There are three types of `Dataset` available
- `MapDataset`: Binned counts and IRFs on a `WCSGeom` spatial geom and an energy axis; used for 3D analysis, supports cash likelihood
- `SpectrumDataset`: Binned counts and IRFs on a `RegionGeom` and energy axis; used for 1D spectral analysis; supports cash likelihood
- `FluxPointDataset`: Directly supports fitting of pre-computed flux points, no IRF convolution is performed during fitting, and supports `chi2` statistics

`MapDataset` and `SpectrumDataset` in turn support `MapDatasetOnOff` and `SpectrumDatasetOnOff`, respectively, which use `wstat` statistics and should be used when the background is estimated from real off counts. These store, additionally, the `counts_off`, `acceptance` and `acceptance_off data`.


## Setup

In [None]:
import numpy as np
import astropy.units as u
from regions import CircleSkyRegion
from astropy.coordinates import SkyCoord
from gammapy.datasets import (
    MapDataset,
    SpectrumDataset,
    Datasets,
    FluxPointsDataset,
)
from gammapy.data import DataStore
from gammapy.maps import WcsGeom, RegionGeom, MapAxes, MapAxis, Map
from gammapy.modeling.models import SkyModel, PowerLawSpectralModel
from gammapy.estimators import FluxPoints

## MapDataset

The counts, exposure, background, masks, and IRF maps are bundled together in a data structure named `MapDataset`. While the `counts`, and `background` maps are binned in reconstructed energy must have the same geometry, the IRF maps can have a different spatial (coarsely binned and larger) geometry and spectral range (binned in true energies). It is usually recommened that the true energy bin should be larger and more finely sampled and the reco energy bin.

An empty `MapDataset` can be instantiated from any `WcsGeom` object. Binnings of the all IRF axes can be individually configued, otherwise, internal defaults will be selected.

In [None]:
energy_axis = MapAxis.from_energy_bounds(
    1, 10, nbin=11, name="energy", unit="TeV"
)

geom = WcsGeom.create(
    skydir=(83.63, 22.01),
    axes=[energy_axis],
    width=5 * u.deg,
    binsz=0.05 * u.deg,
    frame="icrs",
)

energy_axis_true = MapAxis.from_energy_bounds(
    0.1, 100, nbin=11, name="energy_true", unit="TeV", per_decade=True
)

rad_axis = MapAxis.from_bounds(0, 5, nbin=50, unit="deg", name="rad")

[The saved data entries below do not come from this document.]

(* Let $m=2^\theta\mu$ with $\theta\ge1$ and $\mu$ odd. The graph $\mathcal{A}_\mu$ is a disjoint union of directed cycles. The graph $\mathcal{A}_m$ is isomorphic to the graph obtained from $\mathcal{A}_\mu$ by replacing each cycle of length $\alpha$ by a copy of the flower cycle $C_\alpha(T_2^\theta)$. Equivalently, $\mathcal{A}_m$ is the disjoint union over the cycles of $\mathcal{A}_\mu$ of graphs $C_\alpha(T_2^\theta)$, where $\alpha$ is the length of the corresponding cycle.
   Context: For a positive integer $m$, $\mathcal{A}_m$ is the directed graph on $\{0,\dots,m-1\}$ with an edge $x\to 2x\bmod m$ for each $x$. A grounded tree is a finite directed graph in which every vertex has out-degree one, a root vertex has a loop, the graph is a tree after deleting this loop, and every vertex has a directed path to the root. The regular grounded tree $T_w^\ell$ ($w\ge1,\ell\ge1$) has $w^\ell$ vertices in layers $0,\dots,\ell$. Layer $0$ is the root, with a loop. Layer $1$ has $w-1$ vertices mapping to the root. Each vertex of layer $j<\ell$, $j\ge1$, has exactly $w$ vertices of layer $j+1$ mapping to it. Layer $\ell$ consists of leaves. For $\alpha\ge1$ and a grounded tree $T$, the flower cycle $C_\alpha(T)$ is built as follows: take $\alpha$ disjoint copies of $T$, delete the root loops, and add an edge from the root of copy $i$ to the root of copy $i+1$, with indices mod $\alpha$. *)

theory Defs
  imports Main
begin

text \<open>Functional digraphs (every vertex has out-degree one) are represented by a
  vertex set V together with the successor function f (edge x -> f x).\<close>

definition fg_iso :: "'a set \<Rightarrow> ('a \<Rightarrow> 'a) \<Rightarrow> 'b set \<Rightarrow> ('b \<Rightarrow> 'b) \<Rightarrow> bool" where
  "fg_iso V f W g \<longleftrightarrow> (\<exists>h. bij_betw h V W \<and> (\<forall>x\<in>V. h (f x) = g (h x)))"

definition A_verts :: "nat \<Rightarrow> nat set" where
  "A_verts m = {0..<m}"

definition A_map :: "nat \<Rightarrow> nat \<Rightarrow> nat" where
  "A_map m x = (2 * x) mod m"

text \<open>A functional digraph is a disjoint union of directed cycles iff every vertex lies on a cycle.\<close>
definition is_cycle_union :: "'a set \<Rightarrow> ('a \<Rightarrow> 'a) \<Rightarrow> bool" where
  "is_cycle_union V f \<longleftrightarrow> f ` V \<subseteq> V \<and> (\<forall>x\<in>V. \<exists>n>0. (f ^^ n) x = x)"

text \<open>The cycle (connected component) of a vertex x, i.e. its forward orbit.\<close>
definition orbit_of :: "('a \<Rightarrow> 'a) \<Rightarrow> 'a \<Rightarrow> 'a set" where
  "orbit_of f x = {(f ^^ k) x | k. True}"

definition cycles_of :: "'a set \<Rightarrow> ('a \<Rightarrow> 'a) \<Rightarrow> 'a set set" where
  "cycles_of V f = orbit_of f ` V"

text \<open>The regular grounded tree T_w^l: vertices are lists; the root is [], layer 1 consists of
  [a] with 1 \<le> a < w (w-1 vertices), and a vertex v of layer j (1 \<le> j < l) has the w children
  v @ [b], b < w.  Every vertex maps to its parent (butlast), the root to itself (loop).\<close>
definition tree_verts :: "nat \<Rightarrow> nat \<Rightarrow> nat list set" where
  "tree_verts w l = {xs. length xs \<le> l \<and> (xs \<noteq> [] \<longrightarrow> 1 \<le> hd xs \<and> hd xs < w)
                        \<and> (\<forall>i. 0 < i \<and> i < length xs \<longrightarrow> xs ! i < w)}"

definition tree_map :: "nat list \<Rightarrow> nat list" where
  "tree_map xs = butlast xs"

definition tree_root :: "nat list" where
  "tree_root = []"

text \<open>Flower cycle C_alpha(T) of a grounded tree T = (V, f, r): alpha copies indexed by
  i < alpha, root loops removed, root of copy i mapped to root of copy (i+1) mod alpha.\<close>
definition flower_verts :: "nat \<Rightarrow> 'a set \<Rightarrow> (nat \<times> 'a) set" where
  "flower_verts \<alpha> V = {0..<\<alpha>} \<times> V"

definition flower_map :: "nat \<Rightarrow> ('a \<Rightarrow> 'a) \<Rightarrow> 'a \<Rightarrow> nat \<times> 'a \<Rightarrow> nat \<times> 'a" where
  "flower_map \<alpha> f r p = (if snd p = r then ((fst p + 1) mod \<alpha>, r) else (fst p, f (snd p)))"

text \<open>Disjoint union, over the cycles c of A_mu, of the flower cycles C_{|c|}(T_2^theta).\<close>
definition union_verts :: "nat \<Rightarrow> nat \<Rightarrow> (nat set \<times> nat \<times> nat list) set" where
  "union_verts \<mu> \<theta> = (SIGMA c : cycles_of (A_verts \<mu>) (A_map \<mu>).
                          flower_verts (card c) (tree_verts 2 \<theta>))"

definition union_map :: "(nat set \<times> nat \<times> nat list) \<Rightarrow> (nat set \<times> nat \<times> nat list)" where
  "union_map q = (fst q, flower_map (card (fst q)) tree_map tree_root (snd q))"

dataset_empty = MapDataset.create(
    geom=geom,
    energy_axis_true=energy_axis_true,
    rad_axis=rad_axis,
    binsz_irf=0.1,
)

To see the geometry of each map, we can

In [None]:
dataset_empty.geoms

To see how to use the `dataset_empty` in the data reduction process, please see the [makers notebook](makers.ipynb)

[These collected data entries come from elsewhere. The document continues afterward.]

(* Let $(\delta_n)$ be a positive sequence with $\log(\delta_n)/\log n\to0$, and let $\beta=\beta_n\ge0$ with $n\log(n)\beta_n\to0$. Set $a_n=\delta_n\sqrt{2\log n}$ and $b_n=\sqrt{2\log n}-\frac{\log\log n+2\log\delta_n+\log(4\pi)}{2\sqrt{2\log n}}$. Fix $x\in\mathbb{R}$. Then $$n\beta\;\mathbb{E}_{P_{n,\beta}}\Big|\log\Big|1+\frac{x}{a_nb_n}-\frac{\lambda_1}{b_n}\Big|\Big|\xrightarrow[n\to\infty]{}0.$$
   Context: $P_{n,\beta}$ denotes the law on $\mathbb{R}^n$ of $(\lambda_1,\dots,\lambda_n)$ with density $\frac{1}{Z_{n,\beta}}\exp(-\frac12\sum_{i=1}^n\lambda_i^2)\prod_{1\le i<j\le n}|\lambda_i-\lambda_j|^\beta$ with respect to Lebesgue measure, $Z_{n,\beta}$ being the normalizing constant. *)

theory Defs
  imports "HOL-Analysis.Analysis"
begin

text \<open>Points of R^n are represented as functions nat => real on the index set {..<n}
  (coordinates lambda_1..lambda_n are the values at 0..n-1), with the product
  Lebesgue measure PiM {..<n} (\<lambda>_. lborel).\<close>

definition gauss_space :: "nat \<Rightarrow> (nat \<Rightarrow> real) measure" where
  "gauss_space n = PiM {..<n} (\<lambda>_. lborel)"

definition beta_dens :: "nat \<Rightarrow> real \<Rightarrow> (nat \<Rightarrow> real) \<Rightarrow> real" where
  "beta_dens n \<beta> l =
     exp (- (1/2) * (\<Sum>i<n. (l i)\<^sup>2)) *
     (\<Prod>(i,j)\<in>{(i,j). i < j \<and> j < n}. \<bar>l i - l j\<bar> powr \<beta>)"

definition beta_Z :: "nat \<Rightarrow> real \<Rightarrow> ennreal" where
  "beta_Z n \<beta> = (\<integral>\<^sup>+ l. ennreal (beta_dens n \<beta> l) \<partial>gauss_space n)"

definition beta_expect :: "nat \<Rightarrow> real \<Rightarrow> ((nat \<Rightarrow> real) \<Rightarrow> real) \<Rightarrow> ennreal" where
  "beta_expect n \<beta> g =
     (\<integral>\<^sup>+ l. ennreal (g l * beta_dens n \<beta> l) \<partial>gauss_space n) / beta_Z n \<beta>"

end

theory Submission
  imports Defs "HOL-Probability.Probability" "HOL-Real_Asymp.Real_Asymp"
begin

(* Conditionally on lambda_2, ..., lambda_n = c_j, the coordinate lambda_1 has density proportional
   to phi(y) W(y), where phi is the standard normal density and W(y) = prod_j |y - c_j|^beta.  Since
   beta n is small, W is comparable to the constant P = prod_j (1 + |c_j|)^beta: W(y) <= P (1 + |y|)
   pointwise, and integral phi W >= P / 2 because prod_j u_j^beta >= 1 + beta sum_j ln u_j, where
   ln u >= -2 / sqrt u has a singularity that is integrable against phi.  Hence the conditional
   expectation of |ln |u - y / b|| is at most a constant times
   integral phi(y) (1 + |y|) |ln |u - y / b|| dy = O(sqrt b + ln (1 + |u|)), which at the edge
   scaling is O(log n + |log delta_n|); multiplied by n beta this tends to 0. *)

lemma ln_ge_minus_two_div_sqrt:
  fixes u :: real
  assumes "0 < u"
  shows "- 2 / sqrt u \<le> ln u"
proof -
  have "ln (1 / sqrt u) \<le> 1 / sqrt u - 1"
    using assms by (intro ln_le_minus_one) auto
  moreover have "ln (1 / sqrt u) = - ln u / 2"
    using assms by (simp add: ln_div ln_sqrt)
  ultimately show ?thesis by simp
qed

lemma abs_ln_le_two_div_sqrt_plus_ln:
  fixes s :: real
  assumes "0 < s"
  shows "\<bar>ln s\<bar> \<le> 2 / sqrt s + ln (1 + s)"
proof (cases "s < 1")
  case True
  then have "\<bar>ln s\<bar> = - ln s"
    using assms by simp
  moreover have "0 \<le> ln (1 + s)"
    using assms by simp
  ultimately show ?thesis
    using ln_ge_minus_two_div_sqrt[OF assms] by linarith
next
  case False
  then have "\<bar>ln s\<bar> = ln s" and "ln s \<le> ln (1 + s)"
    using assms by simp_all
  moreover have "0 \<le> 2 / sqrt s"
    using assms by simp
  ultimately show ?thesis by linarith
qed

lemma abs_ln_abs_diff_div_le:
  fixes b u y :: real
  assumes b: "1 \<le> b"
  shows "\<bar>ln \<bar>u - y / b\<bar>\<bar> \<le> 2 * sqrt b / sqrt \<bar>y - b * u\<bar> + ln (1 + \<bar>u\<bar>) + \<bar>y\<bar>"
proof (cases "u = y / b")
  case True
  then show ?thesis using b by simp
next
  case False
  define s where "s = \<bar>u - y / b\<bar>"
  have s_pos: "0 < s" using False unfolding s_def by simp
  have "s = \<bar>y - b * u\<bar> / b"
    using b unfolding s_def by (simp add: field_simps abs_minus_commute)
  then have two_div_sqrt: "2 / sqrt s = 2 * sqrt b / sqrt \<bar>y - b * u\<bar>"
    using b by (simp add: real_sqrt_divide)
  have "1 + s \<le> (1 + \<bar>u\<bar>) * (1 + \<bar>y\<bar>)"
  proof -
    have "\<bar>y\<bar> / b \<le> \<bar>y\<bar>"
      using b by (simp add: divide_le_eq mult_le_cancel_left1)
    then have "s \<le> \<bar>u\<bar> + \<bar>y\<bar>"
      using abs_triangle_ineq4[of u "y / b"] b unfolding s_def by simp
    then show ?thesis
      by (simp add: algebra_simps) (smt (verit) abs_ge_zero mult_nonneg_nonneg)
  qed
  then have "ln (1 + s) \<le> ln ((1 + \<bar>u\<bar>) * (1 + \<bar>y\<bar>))"
    using s_pos by simp
  also have "\<dots> = ln (1 + \<bar>u\<bar>) + ln (1 + \<bar>y\<bar>)"
    by (intro ln_mult_pos) (auto intro: add_pos_nonneg)
  also have "ln (1 + \<bar>y\<bar>) \<le> \<bar>y\<bar>"
    by (rule ln_add_one_self_le_self) simp
  finally show ?thesis
    using abs_ln_le_two_div_sqrt_plus_ln[OF s_pos] unfolding s_def two_div_sqrt[unfolded s_def]
    by linarith
qed

lemma one_le_prod_powr_plus_sum:
  fixes w :: "'a \<Rightarrow> real"
  assumes J: "finite J" and \<beta>: "0 \<le> \<beta>" and w: "\<And>j. j \<in> J \<Longrightarrow> 0 < w j"
  shows "1 \<le> (\<Prod>j\<in>J. w j powr \<beta>) + (\<Sum>j\<in>J. 2 * \<beta> / sqrt (w j))"
proof -
  have "- (2 * \<beta> / sqrt (w j)) \<le> \<beta> * ln (w j)" if "j \<in> J" for j
    using mult_left_mono[OF ln_ge_minus_two_div_sqrt[OF w[OF that]] \<beta>] by (simp add: mult_ac)
  then have "1 - (\<Sum>j\<in>J. 2 * \<beta> / sqrt (w j)) \<le> 1 + (\<Sum>j\<in>J. \<beta> * ln (w j))"
    using sum_mono[of J "\<lambda>j. - (2 * \<beta> / sqrt (w j))"] by (simp add: sum_negf)
  also have "\<dots> \<le> exp (\<Sum>j\<in>J. \<beta> * ln (w j))"
    by (rule exp_ge_add_one_self)
  also have "\<dots> = (\<Prod>j\<in>J. exp (\<beta> * ln (w j)))"
    using J by (simp add: exp_sum)
  also have "\<dots> = (\<Prod>j\<in>J. w j powr \<beta>)"
    using w by (intro prod.cong) (simp_all add: powr_def mult.commute less_imp_neq[symmetric])
  finally show ?thesis by simp
qed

### Reading and write datasets

Datasets can be read from and saved to disc using the `read` and write commands, eg:

In [None]:
dataset = MapDataset.read(
    "$GAMMAPY_DATA/cta-1dc-gc/cta-1dc-gc.fits.gz", name="test"
)

In [None]:
# To access the individual components of a dataset, eg counts, you can simply
dataset.background

`Dataset.background` contains the background map computed from the IRF.
To see the model corrected background, use `dataset.npred_background()`

To explore the contents of a `Dataset`, you can simply

In [None]:
print(dataset)

In [None]:
# For a quick info, use
dataset.info_dict()

### Using masks

There are two masks that can be set on a `Dataset`, `mask_safe` and `mask_fit`. 

- The `mask_safe` is computed during the data reduction process according to the specified selection cuts, and should not be changed by the user.
- During modelling and fitting, the user might want to additionally ignore some parts of a reduced dataset, e.g. to restrict the fit to a specific energy range or to ignore parts of the region of interest. This should be done bu applying the `mask_fit`. To details of applying masks, please refer to [Masks-for-fitting](mask_maps.ipynb#Masks-for-fitting:-mask_fit)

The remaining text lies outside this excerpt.